## Exercise:
Search the data below for the line containing "qpow (int n", then please set down that line and all remaining ones exactly as written.

(Records shown Opens)

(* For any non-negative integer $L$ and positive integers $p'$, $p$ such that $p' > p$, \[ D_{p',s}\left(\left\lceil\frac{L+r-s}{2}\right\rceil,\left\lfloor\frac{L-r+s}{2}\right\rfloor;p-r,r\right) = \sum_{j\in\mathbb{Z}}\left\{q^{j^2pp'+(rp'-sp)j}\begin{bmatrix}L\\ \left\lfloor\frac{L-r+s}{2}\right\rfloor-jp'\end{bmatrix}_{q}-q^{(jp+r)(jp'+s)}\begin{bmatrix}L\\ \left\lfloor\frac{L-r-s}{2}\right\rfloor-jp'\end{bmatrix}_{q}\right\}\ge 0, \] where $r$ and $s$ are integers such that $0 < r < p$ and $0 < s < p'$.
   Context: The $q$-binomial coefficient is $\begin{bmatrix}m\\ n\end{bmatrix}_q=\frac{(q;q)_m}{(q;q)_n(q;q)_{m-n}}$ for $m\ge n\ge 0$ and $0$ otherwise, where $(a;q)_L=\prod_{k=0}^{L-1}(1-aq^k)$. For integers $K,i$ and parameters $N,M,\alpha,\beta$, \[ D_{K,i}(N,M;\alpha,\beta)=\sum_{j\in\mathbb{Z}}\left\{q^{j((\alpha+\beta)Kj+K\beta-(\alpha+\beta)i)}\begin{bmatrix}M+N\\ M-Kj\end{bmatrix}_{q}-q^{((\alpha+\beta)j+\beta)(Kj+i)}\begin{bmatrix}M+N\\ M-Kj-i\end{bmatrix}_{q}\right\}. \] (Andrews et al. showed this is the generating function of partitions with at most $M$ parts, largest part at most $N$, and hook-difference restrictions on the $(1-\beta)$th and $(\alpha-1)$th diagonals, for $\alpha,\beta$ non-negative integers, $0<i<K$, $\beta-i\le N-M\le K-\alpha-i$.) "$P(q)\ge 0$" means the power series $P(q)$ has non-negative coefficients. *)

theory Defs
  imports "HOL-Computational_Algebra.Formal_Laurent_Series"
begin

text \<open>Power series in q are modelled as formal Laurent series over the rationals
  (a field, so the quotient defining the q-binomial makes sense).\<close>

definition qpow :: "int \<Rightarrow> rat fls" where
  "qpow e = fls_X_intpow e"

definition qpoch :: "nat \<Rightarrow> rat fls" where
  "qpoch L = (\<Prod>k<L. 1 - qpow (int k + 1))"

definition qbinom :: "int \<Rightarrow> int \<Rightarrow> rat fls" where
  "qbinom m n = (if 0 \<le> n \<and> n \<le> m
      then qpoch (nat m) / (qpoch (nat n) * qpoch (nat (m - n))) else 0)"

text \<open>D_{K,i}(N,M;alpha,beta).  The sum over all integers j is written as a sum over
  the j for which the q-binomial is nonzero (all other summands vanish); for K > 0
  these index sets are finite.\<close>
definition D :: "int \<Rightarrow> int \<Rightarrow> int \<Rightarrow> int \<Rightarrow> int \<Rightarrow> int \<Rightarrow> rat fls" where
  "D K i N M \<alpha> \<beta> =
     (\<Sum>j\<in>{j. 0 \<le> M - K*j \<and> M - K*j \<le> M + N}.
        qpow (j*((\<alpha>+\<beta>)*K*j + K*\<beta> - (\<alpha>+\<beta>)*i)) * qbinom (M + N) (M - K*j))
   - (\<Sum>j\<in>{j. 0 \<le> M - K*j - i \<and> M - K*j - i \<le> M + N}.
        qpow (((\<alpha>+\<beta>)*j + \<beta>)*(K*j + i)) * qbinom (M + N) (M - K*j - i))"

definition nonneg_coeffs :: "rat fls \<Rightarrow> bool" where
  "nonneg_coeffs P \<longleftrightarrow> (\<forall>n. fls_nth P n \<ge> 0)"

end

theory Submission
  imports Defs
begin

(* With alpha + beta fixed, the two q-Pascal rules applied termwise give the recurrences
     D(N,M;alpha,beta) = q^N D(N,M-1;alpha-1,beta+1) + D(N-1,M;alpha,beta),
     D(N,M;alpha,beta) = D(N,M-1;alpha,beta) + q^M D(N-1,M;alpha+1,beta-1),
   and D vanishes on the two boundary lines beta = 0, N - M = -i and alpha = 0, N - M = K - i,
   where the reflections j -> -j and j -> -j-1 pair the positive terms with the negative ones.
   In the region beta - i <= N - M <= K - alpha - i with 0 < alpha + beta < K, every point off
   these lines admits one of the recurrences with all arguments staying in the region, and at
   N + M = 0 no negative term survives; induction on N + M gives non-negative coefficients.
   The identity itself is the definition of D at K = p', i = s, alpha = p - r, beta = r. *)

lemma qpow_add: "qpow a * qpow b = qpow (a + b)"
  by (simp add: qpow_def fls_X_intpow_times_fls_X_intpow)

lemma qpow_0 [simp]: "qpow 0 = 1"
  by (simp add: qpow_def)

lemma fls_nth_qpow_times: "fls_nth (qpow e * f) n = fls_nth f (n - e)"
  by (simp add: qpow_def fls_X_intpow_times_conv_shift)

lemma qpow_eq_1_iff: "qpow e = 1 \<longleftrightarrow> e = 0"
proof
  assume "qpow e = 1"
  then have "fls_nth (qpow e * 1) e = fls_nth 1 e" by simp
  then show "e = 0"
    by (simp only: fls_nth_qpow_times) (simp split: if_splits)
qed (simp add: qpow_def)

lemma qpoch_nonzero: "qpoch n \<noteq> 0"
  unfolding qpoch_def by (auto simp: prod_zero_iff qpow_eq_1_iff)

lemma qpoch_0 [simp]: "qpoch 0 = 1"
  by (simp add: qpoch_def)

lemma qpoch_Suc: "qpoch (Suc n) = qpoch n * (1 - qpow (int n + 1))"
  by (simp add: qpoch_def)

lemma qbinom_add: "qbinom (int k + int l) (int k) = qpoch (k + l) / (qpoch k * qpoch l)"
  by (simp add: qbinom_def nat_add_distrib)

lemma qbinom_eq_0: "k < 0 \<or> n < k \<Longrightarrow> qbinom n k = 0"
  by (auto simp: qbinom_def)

(Records shown Closes)

## Your response:
lemma qpoch_Suc: "qpoch (Suc n) = qpoch n * (1 - qpow (int n + 1))"
  by (simp add: qpoch_def)

lemma qbinom_add: "qbinom (int k + int l) (int k) = qpoch (k + l) / (qpoch k * qpoch l)"
  by (simp add: qbinom_def nat_add_distrib)

lemma qbinom_eq_0: "k < 0 \<or> n < k \<Longrightarrow> qbinom n k = 0"
  by (auto simp: qbinom_def)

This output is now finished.